Archive for May, 2022

There are 48 ways to transform creativity; here’s #6

Monday, May 23rd, 2022

There are 48 techniques that can transform the creativity of the work that you do.  Here’s the sixth technique:  What if we exaggerate?

Take an idea, take a problem, take a question and exaggerate it to help you find a creative outcome.

One of the most iconic pieces of advertising did this beautifully.  The Sony Bravia ad featuring huge dollops of colour cascading through the landscape took the literal idea of enhanced colour and exaggerated it into something that would not just transform your TV experience, but which would transform your whole physical and emotional experience.  The art director Juan Cabral reportedly wanted to exaggerate even more than the final shoot allowed, he wanted to throw a million balls through the streets.  In fact they couldn’t find a million balls in time for the shoot, and so a mere 250,000 were used. 

Apple’s 1984 commercial.  Conformity exaggerated into a dystopian nightmare relieved only by Apple’s revolutionary new computer.  Old Spice’s The man your man could smell like.  Not really, of course, but yes in your wildest dreams.

Beyond the realm of advertising exaggeration can drive creativity.  Peaky Blinder’s writer Stephen Knight took the real lives of a Birmingham street gang and exaggerated the characteristics of one gangster: Sam Sheldon and by making him smarter, prettier and more heroic created the show’s magnetic protagonist Tommy Shelby.

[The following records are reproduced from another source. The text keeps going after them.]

lemma bernoulli_gap_mult_powr_holder_far:
  fixes x z z' :: "'a::euclidean_space"
  assumes "norm x \<le> K" "norm z \<le> K" "norm z' \<le> norm z" "2 * dist z z' < norm z"
    and "c \<le> 1 + inner x z" "c \<le> 1 + inner x z'"
  shows "\<bar>bernoulli_gap p (inner x z) * norm z powr (\<epsilon> - 2)
      - bernoulli_gap p (inner x z') * norm z' powr (\<epsilon> - 2)\<bar>
    \<le> 3 * ((1 - p) * c powr (p - 2)) * K ^ 3 * dist z z' powr min \<epsilon> 1"
proof -
  let ?M = "(1 - p) * c powr (p - 2)"
  let ?\<alpha> = "min \<epsilon> 1"
  define r r' \<delta> where "r = norm z" and "r' = norm z'" and "\<delta> = dist z z'"
  define F F' where "F = bernoulli_gap p (inner x z)" and "F' = bernoulli_gap p (inner x z')"
  have M: "0 \<le> ?M" using p by simp
  have "\<bar>r - r'\<bar> \<le> \<delta>"
    unfolding r_def r'_def \<delta>_def dist_norm by (rule norm_triangle_ineq3)
  then have r: "\<delta> < r'" "r' \<le> r" "r \<le> K" "0 \<le> \<delta>"
    using assms(2-4) by (auto simp: r_def r'_def \<delta>_def)
  have dF: "\<bar>F - F'\<bar> \<le> ?M * K\<^sup>2 * r * \<delta>"
    using bernoulli_gap_inner_diff_le[OF p c assms(1,5,6)] r
    by (simp add: F_def F'_def r_def r'_def \<delta>_def max_def)
  have F': "\<bar>F'\<bar> \<le> ?M * K\<^sup>2 * r'\<^sup>2"
    unfolding F'_def r'_def using p c assms(1,6) by (rule bernoulli_gap_inner_abs_le)
  have "\<bar>r powr (\<epsilon> - 2) - r' powr (\<epsilon> - 2)\<bar> \<le> \<bar>\<epsilon> - 2\<bar> * r' powr (\<epsilon> - 2 - 1) * \<bar>r - r'\<bar>"
    using r \<epsilon> by (intro abs_powr_diff_le) auto
  also have "\<dots> \<le> 2 * r' powr (\<epsilon> - 3) * \<delta>"
    using \<open>\<bar>r - r'\<bar> \<le> \<delta>\<close> \<epsilon> by (intro mult_mono) auto
  finally have dP: "\<bar>r powr (\<epsilon> - 2) - r' powr (\<epsilon> - 2)\<bar> \<le> 2 * r' powr (\<epsilon> - 3) * \<delta>" .
  have "\<bar>F * r powr (\<epsilon> - 2) - F' * r' powr (\<epsilon> - 2)\<bar>
      = \<bar>(F - F') * r powr (\<epsilon> - 2) + F' * (r powr (\<epsilon> - 2) - r' powr (\<epsilon> - 2))\<bar>"
    by (simp add: algebra_simps)
  also have "\<dots> \<le> \<bar>F - F'\<bar> * r powr (\<epsilon> - 2) + \<bar>F'\<bar> * \<bar>r powr (\<epsilon> - 2) - r' powr (\<epsilon> - 2)\<bar>"
    by (simp add: abs_mult abs_triangle_ineq[THEN order_trans])
  also have "\<dots> \<le> ?M * K\<^sup>2 * r * \<delta> * r powr (\<epsilon> - 2) + ?M * K\<^sup>2 * r'\<^sup>2 * (2 * r' powr (\<epsilon> - 3) * \<delta>)"
    using dF F' dP by (intro add_mono mult_mono) auto
  also have "\<dots> = ?M * K\<^sup>2 * ((r * r powr (\<epsilon> - 2)) * \<delta>)
      + 2 * ?M * K\<^sup>2 * ((r'\<^sup>2 * r' powr (\<epsilon> - 3)) * \<delta>)"
    by (simp only: mult_ac)
  also have "\<dots> = ?M * K\<^sup>2 * (r powr (\<epsilon> - 1) * \<delta>) + 2 * ?M * K\<^sup>2 * (r' powr (\<epsilon> - 1) * \<delta>)"
    using powr_mult_base[of r "\<epsilon> - 2"] powr_add[of r' 2 "\<epsilon> - 3"] r by (simp flip: powr_numeral)
  also have "\<dots> \<le> ?M * K\<^sup>2 * (K * \<delta> powr ?\<alpha>) + 2 * ?M * K\<^sup>2 * (K * \<delta> powr ?\<alpha>)"
    using r K \<epsilon> M by (intro add_mono mult_left_mono powr_mult_le_bound_powr_min) auto
  also have "\<dots> = 3 * ?M * K ^ 3 * \<delta> powr ?\<alpha>"
    by (simp add: power_numeral_reduce algebra_simps)
  finally show ?thesis by (simp only: F_def F'_def r_def r'_def \<delta>_def)
qed

lemma bernoulli_gap_mult_powr_holder:
  fixes x z z' :: "'a::euclidean_space"
  assumes "norm x \<le> K" "norm z \<le> K" "norm z' \<le> K"
    and "c \<le> 1 + inner x z" "c \<le> 1 + inner x z'"
  shows "\<bar>bernoulli_gap p (inner x z) * norm z powr (\<epsilon> - 2)
      - bernoulli_gap p (inner x z') * norm z' powr (\<epsilon> - 2)\<bar>
    \<le> 4 * ((1 - p) * c powr (p - 2)) * K ^ 3 * dist z z' powr min \<epsilon> 1"
proof -
  have ordered: "\<bar>bernoulli_gap p (inner x a) * norm a powr (\<epsilon> - 2)
      - bernoulli_gap p (inner x b) * norm b powr (\<epsilon> - 2)\<bar>
    \<le> 4 * ((1 - p) * c powr (p - 2)) * K ^ 3 * dist a b powr min \<epsilon> 1"
    if "norm b \<le> norm a" "norm a \<le> K" "c \<le> 1 + inner x a" "c \<le> 1 + inner x b" for a b :: 'a
  proof (cases "norm a \<le> 2 * dist a b")
    case True
    then show ?thesis
      using that assms(1) by (intro bernoulli_gap_mult_powr_holder_near) auto
  next
    case False
    have "0 \<le> (1 - p) * c powr (p - 2) * K ^ 3 * dist a b powr min \<epsilon> 1"
      using p K by simp
    then show ?thesis
      using bernoulli_gap_mult_powr_holder_far[of x a b] that assms(1) False by linarith
  qed
  show ?thesis
  proof (cases "norm z' \<le> norm z")
    case True
    then show ?thesis using assms by (intro ordered) auto
  next
    case False
    then have "\<bar>bernoulli_gap p (inner x z') * norm z' powr (\<epsilon> - 2)
        - bernoulli_gap p (inner x z) * norm z powr (\<epsilon> - 2)\<bar>
      \<le> 4 * ((1 - p) * c powr (p - 2)) * K ^ 3 * dist z' z powr min \<epsilon> 1"
      using assms by (intro ordered) auto
    then show ?thesis by (simp add: abs_minus_commute dist_commute)
  qed
qed

lemma Ifun_holder_z:
  fixes x z z' :: "'a::euclidean_space"
  assumes "norm x \<le> K" "norm z \<le> K" "norm z' \<le> K"
    and "c \<le> 1 + inner x z" "c \<le> 1 + inner x z'"
  shows "\<bar>Ifun p \<epsilon> z x - Ifun p \<epsilon> z' x\<bar>
    \<le> 6 * ((1 - p) * c powr (p - 2)) * K ^ 4 * dist z z' powr min \<epsilon> 1"
proof -
  let ?M = "(1 - p) * c powr (p - 2)"
  let ?\<alpha> = "min \<epsilon> 1"
  let ?\<delta> = "dist z z'"
  have M: "0 \<le> ?M" using p by simp
  have "?\<delta> \<le> 2 * K"
    using norm_triangle_ineq4[of z z'] assms(2,3) by (simp add: dist_norm)
  then have "?\<delta> powr (1 - ?\<alpha>) * ?\<delta> powr ?\<alpha> \<le> (2 * K) * ?\<delta> powr ?\<alpha>"
    using K \<epsilon> by (intro mult_right_mono powr_le_bound) auto
  then have \<delta>: "?\<delta> \<le> 2 * K * ?\<delta> powr ?\<alpha>"
    by (simp add: powr_add[symmetric])
  have "\<bar>bernoulli_gap p (inner x z) - bernoulli_gap p (inner x z')\<bar>
      \<le> ?M * K\<^sup>2 * max (norm z) (norm z') * ?\<delta>"
    using p c assms(1,4,5) by (rule bernoulli_gap_inner_diff_le)
  also have "\<dots> \<le> ?M * K\<^sup>2 * K * (2 * K * ?\<delta> powr ?\<alpha>)"
    using assms(2,3) \<delta> M K by (intro mult_mono mult_left_mono) auto
  finally have gap: "\<bar>bernoulli_gap p (inner x z) - bernoulli_gap p (inner x z')\<bar>
      \<le> 2 * ?M * K ^ 4 * ?\<delta> powr ?\<alpha>"
    by (simp add: power_numeral_reduce mult_ac)
  have "4 * ?M * K ^ 3 * ?\<delta> powr ?\<alpha> \<le> 4 * ?M * K ^ 4 * ?\<delta> powr ?\<alpha>"
    using M K by (intro mult_right_mono mult_left_mono power_increasing) auto
  with bernoulli_gap_mult_powr_holder[OF assms] have scaled:
    "\<bar>bernoulli_gap p (inner x z) * norm z powr (\<epsilon> - 2)
      - bernoulli_gap p (inner x z') * norm z' powr (\<epsilon> - 2)\<bar> \<le> 4 * ?M * K ^ 4 * ?\<delta> powr ?\<alpha>"
    by linarith
  have min_diff: "\<bar>min a b - min a' b'\<bar> \<le> \<bar>a - a'\<bar> + \<bar>b - b'\<bar>" for a b a' b' :: real
    by (auto simp: min_def)
  have "0 < 1 + inner x z" "0 < 1 + inner x z'" using assms(4,5) c by auto
  then have "\<bar>Ifun p \<epsilon> z x - Ifun p \<epsilon> z' x\<bar>
      \<le> \<bar>bernoulli_gap p (inner x z) * norm z powr (\<epsilon> - 2)
        - bernoulli_gap p (inner x z') * norm z' powr (\<epsilon> - 2)\<bar>
      + \<bar>bernoulli_gap p (inner x z) - bernoulli_gap p (inner x z')\<bar>"
    by (simp add: Ifun_eq_min[OF p] min_diff)
  also have "\<dots> \<le> 4 * ?M * K ^ 4 * ?\<delta> powr ?\<alpha> + 2 * ?M * K ^ 4 * ?\<delta> powr ?\<alpha>"
    using scaled gap by (rule add_mono)
  finally show ?thesis by (simp add: algebra_simps)
qed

Exaggeration of threats can lead to creativity in business problem solving.  This might seem unnecessary in these times of change and disruption but change is less difficult if you can get ahead of it.  Re-imagine customer service by auditing best in class service, not in your competitive set only but beyond the sector that you operate in.  What would happen if your closest competitor delivered at that level?  What actions do you need to take now in order to ensure competitive advantage? 

Risk management requires not only imagining the worst that could happen, but also working through the business’ appetite for risk, should the worst occur.

New  product development and increased satisfaction can be accelerated when you pre-empt a potential client or customer re-pitch by offering a solution to a problem that the client isn’t even aware they have yet.  How about imagining the client in question as the most unreasonable client you’ve ever met.  Consider them to have the standards of the princess in the story of the princess and the pea and the patience of a toddler.  

When we were answering the brief for the Cannes Lions Creativity for Good competition we applied exaggerated thinking to one of the insights.  To quote Francesca Ranieri, one of my Team Wriot team mates, “if women received as much business funding as men, and if they combined their business worth, they would become the most powerful economy in the world”.  From this exaggeration of the economic facts we created the award winning campaign  – you can find out more here.

If you are having a tough time, creative exaggeration can be surprisingly helpful.  Dreading something?  A difficult meeting?  A speaking engagement?  A networking event?  What is the worst thing that could happen, and if it did, how bad would it actually be?  Was inspired by this years ago by asking my brilliant daughters how they were so good at networking (my particular bete noire).  They replied: “we just think, if it goes badly, we don’t ever need to speak to that person again”.  Cognitive Behavioural Therapy includes this technique too as a way to stop worrying – exaggerate to the worst case scenario and then go further and work out what your reaction might be to that: “If the worst-case were to happen, what would you do to cope with it? ..If you do have a bad meeting, you might be disappointed for the rest of the day, curl up on the couch with a pint of ice cream and watch T.V. Get back on that horse the next day.”